EXERCISE DATA

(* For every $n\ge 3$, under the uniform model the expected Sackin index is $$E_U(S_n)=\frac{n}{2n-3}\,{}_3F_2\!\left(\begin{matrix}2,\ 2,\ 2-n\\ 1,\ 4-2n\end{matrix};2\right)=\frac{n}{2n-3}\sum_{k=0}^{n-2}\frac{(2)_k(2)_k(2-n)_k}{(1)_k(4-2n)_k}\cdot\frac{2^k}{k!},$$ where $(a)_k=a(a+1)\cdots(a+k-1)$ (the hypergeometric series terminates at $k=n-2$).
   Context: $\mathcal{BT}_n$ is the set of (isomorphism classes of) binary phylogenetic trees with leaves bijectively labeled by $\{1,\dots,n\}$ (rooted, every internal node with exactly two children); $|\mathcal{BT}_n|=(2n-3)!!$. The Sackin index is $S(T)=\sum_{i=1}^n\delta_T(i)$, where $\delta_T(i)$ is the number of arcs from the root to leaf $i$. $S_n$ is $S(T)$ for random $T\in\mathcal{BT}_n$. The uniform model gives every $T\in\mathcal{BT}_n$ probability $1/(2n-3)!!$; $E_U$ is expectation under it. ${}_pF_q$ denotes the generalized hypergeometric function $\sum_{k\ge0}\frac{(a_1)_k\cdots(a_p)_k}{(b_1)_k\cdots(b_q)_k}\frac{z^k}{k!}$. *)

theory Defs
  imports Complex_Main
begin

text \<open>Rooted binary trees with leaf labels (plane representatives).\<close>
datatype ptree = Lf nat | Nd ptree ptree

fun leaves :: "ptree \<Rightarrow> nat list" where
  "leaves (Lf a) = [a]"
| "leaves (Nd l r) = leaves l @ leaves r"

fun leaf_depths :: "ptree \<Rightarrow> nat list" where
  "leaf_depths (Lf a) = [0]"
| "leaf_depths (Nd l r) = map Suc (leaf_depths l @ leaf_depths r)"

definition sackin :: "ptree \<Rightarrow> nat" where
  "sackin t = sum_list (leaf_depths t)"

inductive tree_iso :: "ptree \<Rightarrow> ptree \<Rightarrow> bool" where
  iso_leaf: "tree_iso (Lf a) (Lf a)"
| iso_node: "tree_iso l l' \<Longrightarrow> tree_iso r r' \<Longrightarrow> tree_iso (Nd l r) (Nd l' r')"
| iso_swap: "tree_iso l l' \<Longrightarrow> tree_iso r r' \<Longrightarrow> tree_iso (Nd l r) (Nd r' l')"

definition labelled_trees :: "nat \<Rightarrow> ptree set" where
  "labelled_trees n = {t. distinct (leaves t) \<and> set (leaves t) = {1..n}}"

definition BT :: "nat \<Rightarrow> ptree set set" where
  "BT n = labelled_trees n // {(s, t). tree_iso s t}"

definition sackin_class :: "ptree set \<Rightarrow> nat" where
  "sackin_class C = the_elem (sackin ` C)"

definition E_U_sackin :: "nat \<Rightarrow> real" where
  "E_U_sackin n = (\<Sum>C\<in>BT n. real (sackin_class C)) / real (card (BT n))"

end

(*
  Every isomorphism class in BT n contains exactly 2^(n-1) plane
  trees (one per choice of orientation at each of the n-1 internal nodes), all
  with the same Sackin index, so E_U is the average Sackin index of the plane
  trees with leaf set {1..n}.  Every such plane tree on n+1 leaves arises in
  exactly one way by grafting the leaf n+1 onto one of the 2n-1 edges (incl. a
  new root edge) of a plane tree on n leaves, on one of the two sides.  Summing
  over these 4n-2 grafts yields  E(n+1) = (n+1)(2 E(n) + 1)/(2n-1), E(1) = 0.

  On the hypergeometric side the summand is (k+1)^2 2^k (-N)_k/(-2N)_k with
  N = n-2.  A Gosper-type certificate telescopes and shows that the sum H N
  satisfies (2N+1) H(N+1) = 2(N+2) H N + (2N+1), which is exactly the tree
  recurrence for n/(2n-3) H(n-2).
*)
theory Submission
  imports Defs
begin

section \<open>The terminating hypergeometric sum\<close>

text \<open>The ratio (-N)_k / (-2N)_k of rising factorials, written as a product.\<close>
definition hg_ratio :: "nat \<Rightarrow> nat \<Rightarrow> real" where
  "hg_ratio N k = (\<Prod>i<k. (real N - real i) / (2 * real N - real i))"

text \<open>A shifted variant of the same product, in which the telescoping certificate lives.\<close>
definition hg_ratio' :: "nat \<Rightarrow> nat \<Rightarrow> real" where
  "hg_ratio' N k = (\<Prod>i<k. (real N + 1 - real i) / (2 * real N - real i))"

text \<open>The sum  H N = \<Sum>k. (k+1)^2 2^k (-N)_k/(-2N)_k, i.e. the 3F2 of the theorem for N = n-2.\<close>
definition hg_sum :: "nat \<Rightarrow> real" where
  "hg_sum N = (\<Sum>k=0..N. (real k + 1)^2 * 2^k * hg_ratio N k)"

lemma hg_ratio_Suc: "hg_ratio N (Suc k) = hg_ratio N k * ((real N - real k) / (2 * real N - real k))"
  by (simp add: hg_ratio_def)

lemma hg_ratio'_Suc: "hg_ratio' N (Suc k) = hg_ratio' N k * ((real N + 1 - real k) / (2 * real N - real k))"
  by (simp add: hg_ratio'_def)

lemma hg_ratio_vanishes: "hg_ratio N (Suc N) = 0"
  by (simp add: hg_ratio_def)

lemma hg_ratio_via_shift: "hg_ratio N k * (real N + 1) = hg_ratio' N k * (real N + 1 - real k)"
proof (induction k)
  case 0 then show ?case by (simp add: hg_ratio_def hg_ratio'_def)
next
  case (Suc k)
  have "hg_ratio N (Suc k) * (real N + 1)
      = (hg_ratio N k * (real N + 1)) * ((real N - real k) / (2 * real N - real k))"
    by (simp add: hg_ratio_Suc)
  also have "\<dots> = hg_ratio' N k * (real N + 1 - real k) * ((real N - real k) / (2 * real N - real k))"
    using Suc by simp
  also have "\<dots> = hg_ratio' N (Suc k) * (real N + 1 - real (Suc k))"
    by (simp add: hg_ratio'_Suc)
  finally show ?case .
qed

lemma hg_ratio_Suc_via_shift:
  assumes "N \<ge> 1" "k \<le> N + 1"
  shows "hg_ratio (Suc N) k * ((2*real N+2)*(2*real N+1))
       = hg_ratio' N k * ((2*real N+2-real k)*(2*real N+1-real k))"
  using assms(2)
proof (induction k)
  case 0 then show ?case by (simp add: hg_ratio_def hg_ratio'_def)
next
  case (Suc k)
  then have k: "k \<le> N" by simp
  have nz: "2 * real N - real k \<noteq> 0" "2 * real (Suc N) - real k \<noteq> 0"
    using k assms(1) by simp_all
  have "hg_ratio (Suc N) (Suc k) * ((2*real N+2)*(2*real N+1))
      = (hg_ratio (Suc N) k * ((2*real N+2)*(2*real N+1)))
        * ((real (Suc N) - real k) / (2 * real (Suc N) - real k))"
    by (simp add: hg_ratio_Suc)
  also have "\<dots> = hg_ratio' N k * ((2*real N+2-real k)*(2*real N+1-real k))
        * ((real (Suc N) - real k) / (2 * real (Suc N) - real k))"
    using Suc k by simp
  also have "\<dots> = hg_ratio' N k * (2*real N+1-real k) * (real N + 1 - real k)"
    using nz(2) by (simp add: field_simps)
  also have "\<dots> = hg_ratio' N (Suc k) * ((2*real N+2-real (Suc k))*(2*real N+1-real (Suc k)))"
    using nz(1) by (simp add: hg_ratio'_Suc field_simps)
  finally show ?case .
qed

* * *

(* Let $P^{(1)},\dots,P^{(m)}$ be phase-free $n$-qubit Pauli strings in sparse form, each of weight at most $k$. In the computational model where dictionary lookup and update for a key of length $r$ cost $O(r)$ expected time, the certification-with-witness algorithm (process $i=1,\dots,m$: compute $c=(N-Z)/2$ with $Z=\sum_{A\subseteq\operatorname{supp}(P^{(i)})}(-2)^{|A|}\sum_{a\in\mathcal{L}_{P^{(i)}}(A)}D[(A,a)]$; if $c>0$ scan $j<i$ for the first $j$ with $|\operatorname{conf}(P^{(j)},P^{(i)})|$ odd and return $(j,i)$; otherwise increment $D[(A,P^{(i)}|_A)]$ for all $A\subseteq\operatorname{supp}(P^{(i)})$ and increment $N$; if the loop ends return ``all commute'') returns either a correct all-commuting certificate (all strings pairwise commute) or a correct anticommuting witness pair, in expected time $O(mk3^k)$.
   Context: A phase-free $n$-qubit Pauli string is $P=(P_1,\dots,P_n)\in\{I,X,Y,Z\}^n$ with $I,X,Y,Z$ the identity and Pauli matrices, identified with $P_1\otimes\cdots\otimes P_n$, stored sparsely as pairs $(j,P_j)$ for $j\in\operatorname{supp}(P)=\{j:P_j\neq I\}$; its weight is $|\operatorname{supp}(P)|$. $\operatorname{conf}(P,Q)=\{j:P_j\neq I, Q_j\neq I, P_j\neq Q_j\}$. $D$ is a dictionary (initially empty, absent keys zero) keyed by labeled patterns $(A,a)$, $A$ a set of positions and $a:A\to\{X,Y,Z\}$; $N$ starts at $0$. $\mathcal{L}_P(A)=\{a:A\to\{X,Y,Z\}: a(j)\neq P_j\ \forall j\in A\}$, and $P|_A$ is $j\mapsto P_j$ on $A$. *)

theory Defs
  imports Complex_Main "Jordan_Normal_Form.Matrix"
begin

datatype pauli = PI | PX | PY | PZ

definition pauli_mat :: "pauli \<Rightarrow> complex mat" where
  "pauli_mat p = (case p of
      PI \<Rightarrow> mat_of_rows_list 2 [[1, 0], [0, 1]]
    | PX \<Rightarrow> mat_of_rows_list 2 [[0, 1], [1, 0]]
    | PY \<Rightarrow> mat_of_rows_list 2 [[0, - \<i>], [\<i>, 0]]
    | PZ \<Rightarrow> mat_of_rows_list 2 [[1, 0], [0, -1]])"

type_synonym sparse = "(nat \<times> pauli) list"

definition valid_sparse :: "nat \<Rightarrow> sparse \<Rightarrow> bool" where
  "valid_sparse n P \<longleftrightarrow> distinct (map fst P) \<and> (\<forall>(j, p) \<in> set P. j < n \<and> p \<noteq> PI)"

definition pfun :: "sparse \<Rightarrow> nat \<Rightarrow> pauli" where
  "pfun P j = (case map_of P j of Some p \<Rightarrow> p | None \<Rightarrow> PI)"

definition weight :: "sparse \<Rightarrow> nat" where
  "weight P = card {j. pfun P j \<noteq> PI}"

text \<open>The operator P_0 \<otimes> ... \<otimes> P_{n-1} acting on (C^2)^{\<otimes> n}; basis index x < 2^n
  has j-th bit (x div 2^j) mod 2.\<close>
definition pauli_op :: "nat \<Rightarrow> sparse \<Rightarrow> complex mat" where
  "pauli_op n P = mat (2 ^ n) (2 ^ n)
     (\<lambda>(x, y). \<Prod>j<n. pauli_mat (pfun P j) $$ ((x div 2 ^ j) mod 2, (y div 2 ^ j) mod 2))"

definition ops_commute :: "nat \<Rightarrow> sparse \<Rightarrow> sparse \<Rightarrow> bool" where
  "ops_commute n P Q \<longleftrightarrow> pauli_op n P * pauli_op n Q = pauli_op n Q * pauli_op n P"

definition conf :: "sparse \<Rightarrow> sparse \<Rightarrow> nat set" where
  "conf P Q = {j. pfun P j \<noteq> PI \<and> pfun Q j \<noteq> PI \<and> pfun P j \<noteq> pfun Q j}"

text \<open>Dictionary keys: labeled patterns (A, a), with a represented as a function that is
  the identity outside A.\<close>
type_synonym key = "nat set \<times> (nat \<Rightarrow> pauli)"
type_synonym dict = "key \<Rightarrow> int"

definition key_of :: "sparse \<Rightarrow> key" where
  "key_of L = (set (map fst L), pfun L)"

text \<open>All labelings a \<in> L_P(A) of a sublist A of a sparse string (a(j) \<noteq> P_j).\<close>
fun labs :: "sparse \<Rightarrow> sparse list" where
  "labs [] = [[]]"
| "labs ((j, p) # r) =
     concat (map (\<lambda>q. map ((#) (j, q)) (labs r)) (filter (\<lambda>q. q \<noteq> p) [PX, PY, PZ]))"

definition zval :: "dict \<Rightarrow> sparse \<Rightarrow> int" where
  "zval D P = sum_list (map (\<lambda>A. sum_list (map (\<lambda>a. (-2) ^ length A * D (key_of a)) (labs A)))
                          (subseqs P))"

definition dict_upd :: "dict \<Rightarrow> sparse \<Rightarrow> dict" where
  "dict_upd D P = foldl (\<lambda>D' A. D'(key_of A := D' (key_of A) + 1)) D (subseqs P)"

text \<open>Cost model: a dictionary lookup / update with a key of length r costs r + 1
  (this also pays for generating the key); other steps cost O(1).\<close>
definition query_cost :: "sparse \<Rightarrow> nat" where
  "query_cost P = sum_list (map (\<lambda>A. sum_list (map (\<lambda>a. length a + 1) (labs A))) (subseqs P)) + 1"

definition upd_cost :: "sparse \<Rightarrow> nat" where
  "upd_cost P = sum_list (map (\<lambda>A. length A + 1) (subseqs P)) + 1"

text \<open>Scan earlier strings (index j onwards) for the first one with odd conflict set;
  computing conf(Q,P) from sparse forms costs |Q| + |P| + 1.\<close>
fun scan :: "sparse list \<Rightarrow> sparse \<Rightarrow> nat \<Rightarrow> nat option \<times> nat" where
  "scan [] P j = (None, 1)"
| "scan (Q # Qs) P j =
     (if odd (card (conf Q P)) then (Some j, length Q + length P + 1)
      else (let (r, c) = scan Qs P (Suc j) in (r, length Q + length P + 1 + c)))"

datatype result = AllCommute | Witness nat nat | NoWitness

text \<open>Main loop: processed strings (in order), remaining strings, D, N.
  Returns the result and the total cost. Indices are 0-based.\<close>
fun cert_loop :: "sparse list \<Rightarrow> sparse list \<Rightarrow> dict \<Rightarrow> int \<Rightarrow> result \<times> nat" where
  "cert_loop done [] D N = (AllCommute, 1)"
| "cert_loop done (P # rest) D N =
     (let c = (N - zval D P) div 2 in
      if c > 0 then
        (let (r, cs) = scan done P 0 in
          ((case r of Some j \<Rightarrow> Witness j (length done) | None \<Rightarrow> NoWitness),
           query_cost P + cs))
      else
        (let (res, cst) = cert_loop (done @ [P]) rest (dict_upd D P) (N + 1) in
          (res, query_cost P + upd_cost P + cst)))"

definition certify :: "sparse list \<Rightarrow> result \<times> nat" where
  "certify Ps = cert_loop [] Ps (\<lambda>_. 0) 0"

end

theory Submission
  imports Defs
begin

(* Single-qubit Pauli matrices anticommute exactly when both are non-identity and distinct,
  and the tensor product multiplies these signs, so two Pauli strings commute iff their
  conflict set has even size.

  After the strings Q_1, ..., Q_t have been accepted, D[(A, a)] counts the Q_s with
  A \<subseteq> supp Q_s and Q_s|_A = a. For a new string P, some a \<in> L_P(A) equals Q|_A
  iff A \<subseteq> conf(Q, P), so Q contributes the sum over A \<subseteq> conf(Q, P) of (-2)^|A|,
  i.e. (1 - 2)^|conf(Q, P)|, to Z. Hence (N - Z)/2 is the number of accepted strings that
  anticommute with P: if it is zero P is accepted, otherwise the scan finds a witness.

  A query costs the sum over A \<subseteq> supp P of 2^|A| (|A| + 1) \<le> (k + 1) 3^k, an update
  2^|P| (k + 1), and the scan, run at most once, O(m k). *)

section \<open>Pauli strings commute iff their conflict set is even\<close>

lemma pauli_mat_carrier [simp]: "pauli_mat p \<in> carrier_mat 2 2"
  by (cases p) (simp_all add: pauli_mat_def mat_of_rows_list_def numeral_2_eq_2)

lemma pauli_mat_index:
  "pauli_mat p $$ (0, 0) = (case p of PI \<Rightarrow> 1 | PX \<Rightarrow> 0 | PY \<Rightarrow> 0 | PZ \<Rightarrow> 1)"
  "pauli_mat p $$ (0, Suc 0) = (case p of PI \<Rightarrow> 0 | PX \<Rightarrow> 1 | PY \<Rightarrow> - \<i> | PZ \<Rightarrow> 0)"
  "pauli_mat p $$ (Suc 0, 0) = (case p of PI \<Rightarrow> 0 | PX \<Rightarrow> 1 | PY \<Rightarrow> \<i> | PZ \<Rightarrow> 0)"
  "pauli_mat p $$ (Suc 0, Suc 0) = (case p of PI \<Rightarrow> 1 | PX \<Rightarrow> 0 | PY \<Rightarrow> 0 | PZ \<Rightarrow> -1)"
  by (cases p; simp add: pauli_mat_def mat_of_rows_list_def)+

TASK DESCRIPTION
Copy out each line of the entries where the word "that" is found.

FINAL ANSWER
  N = n-2.  A Gosper-type certificate telescopes and shows that the sum H N
text \<open>Dictionary keys: labeled patterns (A, a), with a represented as a function that is
  i.e. (1 - 2)^|conf(Q, P)|, to Z. Hence (N - Z)/2 is the number of accepted strings that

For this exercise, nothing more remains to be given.